New S[16] Capability bits:
1 = UTF8 Filenames (UTF8NAMES)
2 = GMT (UCT) file timestamps (GMTSTAMPS)
4 = (free...)
5. Info Exchange (NOT IMPLEMENTED YET)
The idea is for the two Kermits to exchange information with each other that
applies to the transaction as a whole, but is beyond the scope of (too
voluminous for) the S/Y or I/Y exchange.
a. Add a new capability bit for this.
b. The file sender sets this bit in its S packet.
c. The file receiver agrees by setting the same bit in its ACK(S).
At this point, if the two Kermits have agreed, the sender may (but need not)
send an "L" packet, which contains an unencoded parameter-length-value (PLV)
sequence (just like an "A" packet) of information applying to the connection
and the entire transfer. Parameters (all are optional):
F = (Sender only) Number of files (expressed as decimal string)
L = (Sender only) Total length, decimal string. Obviously iffy for
text-mode transfers, but we've always had that problem.
E = Encoding: Kermit transfer character-set designation for text used in
any of these fields that can contain arbitrary text. Default = ASCII.
Syntax: exactly as in A packet.
H = Hostname (e.g. so local Kermit can show remote host's name on the
file transfer display).
D = Current directory, syntax according to SET FILE NAMES.
O = Organization name. Arbitrary text, encoding specified in E.

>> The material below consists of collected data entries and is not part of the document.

lemma higher_deriv_0_rotation_invariant:
  fixes f :: "complex \<Rightarrow> complex"
  assumes holf: "f holomorphic_on ball 0 r" and "0 < r" and "norm \<xi> = 1"
    and inv: "\<And>z. z \<in> ball 0 r \<Longrightarrow> f (\<xi> * z) = f z"
  shows "\<xi> ^ n * (deriv ^^ n) f 0 = (deriv ^^ n) f 0"
proof -
  have rot: "\<xi> * z \<in> ball 0 r" if "z \<in> ball 0 r" for z
    using that \<open>norm \<xi> = 1\<close> by (simp add: norm_mult)
  have "(\<lambda>z. \<xi> * z) ` ball 0 r \<subseteq> ball 0 r"
    using rot by blast
  then have "(\<lambda>z. f (\<xi> * z)) holomorphic_on ball 0 r"
    using holomorphic_on_compose_gen[OF _ holf] by (auto simp: o_def intro: holomorphic_intros)
  then have "(deriv ^^ n) (\<lambda>z. f (\<xi> * z)) 0 = (deriv ^^ n) f 0"
    using higher_deriv_transform_within_open[OF _ holf] inv \<open>0 < r\<close> by simp
  moreover have "(deriv ^^ n) (\<lambda>z. f (\<xi> * z)) 0 = \<xi> ^ n * (deriv ^^ n) f (\<xi> * 0)"
    by (rule higher_deriv_compose_linear[OF holf, of "ball 0 r"]) (use rot \<open>0 < r\<close> in auto)
  ultimately show ?thesis
    by simp
qed

lemma not_constant_on_if_higher_deriv_nonzero:
  fixes f :: "complex \<Rightarrow> complex"
  assumes "f holomorphic_on S" "open S" "z \<in> S" "n \<noteq> 0" "(deriv ^^ n) f z \<noteq> 0"
  shows "\<not> f constant_on S"
proof
  assume "f constant_on S"
  then obtain c where "\<And>w. w \<in> S \<Longrightarrow> f w = c"
    unfolding constant_on_def by blast
  then have "(deriv ^^ n) f z = (deriv ^^ n) (\<lambda>w. c) z"
    by (intro higher_deriv_transform_within_open[OF assms(1) holomorphic_on_const assms(2,3)])
  then show False
    using assms(4,5) by simp
qed

lemma deriv_invariant_self_map_root_of_unity:
  fixes g \<psi> :: "complex \<Rightarrow> complex"
  assumes holg: "g holomorphic_on ball 0 1" and nconst: "\<not> g constant_on ball 0 1"
    and hol\<psi>: "\<psi> holomorphic_on ball 0 1" and maps: "\<psi> ` ball 0 1 \<subseteq> ball 0 1"
    and "\<psi> 0 = 0" and inv: "\<And>z. z \<in> ball 0 1 \<Longrightarrow> g (\<psi> z) = g z"
  obtains m where "0 < m" "deriv \<psi> 0 ^ m = 1"
proof -
  have nconst': "\<not> (\<lambda>z. g z - g 0) constant_on ball 0 1"
    using nconst unfolding constant_on_def by (metis diff_add_cancel)
  obtain h r m where "0 < m" "0 < r" and rsub: "ball 0 r \<subseteq> ball (0::complex) 1"
    and holh: "h holomorphic_on ball 0 r"
    and factor: "\<And>w. w \<in> ball 0 r \<Longrightarrow> g w - g 0 = (w - 0) ^ m * h w"
    and hnz: "\<And>w. w \<in> ball 0 r \<Longrightarrow> h w \<noteq> 0"
    by (rule holomorphic_factor_zero_nonconstant[OF _ open_ball connected_ball _ _ nconst'])
       (use holg in \<open>auto intro!: holomorphic_intros\<close>)
  have contracts: "norm (\<psi> z) \<le> norm z" if "norm z < 1" for z
    using Schwarz_Lemma(1)[OF hol\<psi> \<open>\<psi> 0 = 0\<close> _ that] maps by (auto simp: image_subset_iff)
  have quotient: "(\<psi> z / z) ^ m = h z / h (\<psi> z)" if "z \<in> ball 0 r" "z \<noteq> 0" for z
  proof -
    have "\<psi> z \<in> ball 0 r"
      using contracts[of z] that rsub by auto
    moreover have "g (\<psi> z) - g 0 = g z - g 0"
      using inv that rsub by auto
    ultimately have "\<psi> z ^ m * h (\<psi> z) = z ^ m * h z"
      using factor that by simp
    then show ?thesis
      using hnz[OF \<open>\<psi> z \<in> ball 0 r\<close>] that(2) by (simp add: field_simps power_divide)
  qed
  have "(\<psi> has_field_derivative deriv \<psi> 0) (at 0)"
    by (rule holomorphic_derivI[OF hol\<psi>]) auto
  then have lim_quotient: "((\<lambda>z. (\<psi> z / z) ^ m) \<longlongrightarrow> deriv \<psi> 0 ^ m) (at 0)"
    using \<open>\<psi> 0 = 0\<close> by (intro tendsto_intros) (simp add: has_field_derivative_iff)
  have lim_h: "((\<lambda>z. h z / h (\<psi> z)) \<longlongrightarrow> h 0 / h (\<psi> 0)) (at 0)"
  proof -
    have "isCont h 0" "isCont \<psi> 0"
      using holh hol\<psi> \<open>0 < r\<close>
      by (auto intro!: field_differentiable_imp_continuous_at holomorphic_on_imp_differentiable_at)
    then show ?thesis
      using hnz[of 0] \<open>0 < r\<close> \<open>\<psi> 0 = 0\<close>
      by (intro tendsto_intros) (auto simp: isCont_def intro: isCont_tendsto_compose)
  qed
  have "eventually (\<lambda>z. h z / h (\<psi> z) = (\<psi> z / z) ^ m) (at 0)"
    unfolding eventually_at using \<open>0 < r\<close> quotient by (auto simp: dist_norm intro!: exI[of _ r])
  from Lim_transform_eventually[OF lim_h this] lim_quotient
  have "deriv \<psi> 0 ^ m = h 0 / h (\<psi> 0)"
    by (rule LIM_unique[rotated])
  then show ?thesis
    using that \<open>0 < m\<close> hnz[of 0] \<open>0 < r\<close> \<open>\<psi> 0 = 0\<close> by simp
qed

C = Country code (ISO 3166).
T = Connection type (to allow automatic choices of various things based
on whether the connection is known to be reliable -- e.g. TCP/IP at
*both* ends). Number. 0 = unknown (usually the case when in remote
mode); 1 = serial port; 2 = ISDN; 3 = TCP; 4 = UDP; 5 = CTERM; 6 = LAT;
etc etc.
A = Address. Interpreted according to connection type. This can be the IP
hostname, IP address, or other address specific to the network type, or
telephone phone number in +1(212)7654321 format, for display on the
other Kermit's screen, or logging, or callback, or any other desired
reason. All sorts of uses for this one can be imagined.
X = Encryption identifier (this needs spelling out).
K = Public key for X, when applicable (more thought needed).
N = (Receiver only): No. Refuses the transaction. Optionally one or more
more parameter letters are given as data, to indicate the reason for
refusal.
Also add specific platform identifier, OS name and version, Kermit software
name and version, endianness, ...
The order doesn't matter, except that if E is given, it must precede any
arbitrary-text fields. We can have up to 96 parameters, one for each 7-bit
graphic character. One must be reserved as an escape for when we run out.
NOTE: "L" was our last unused uppercase letter for packet types. Additional
packet types will be lowercase letters or other graphic characters. At least
one must be reserved as an escape for when we run out.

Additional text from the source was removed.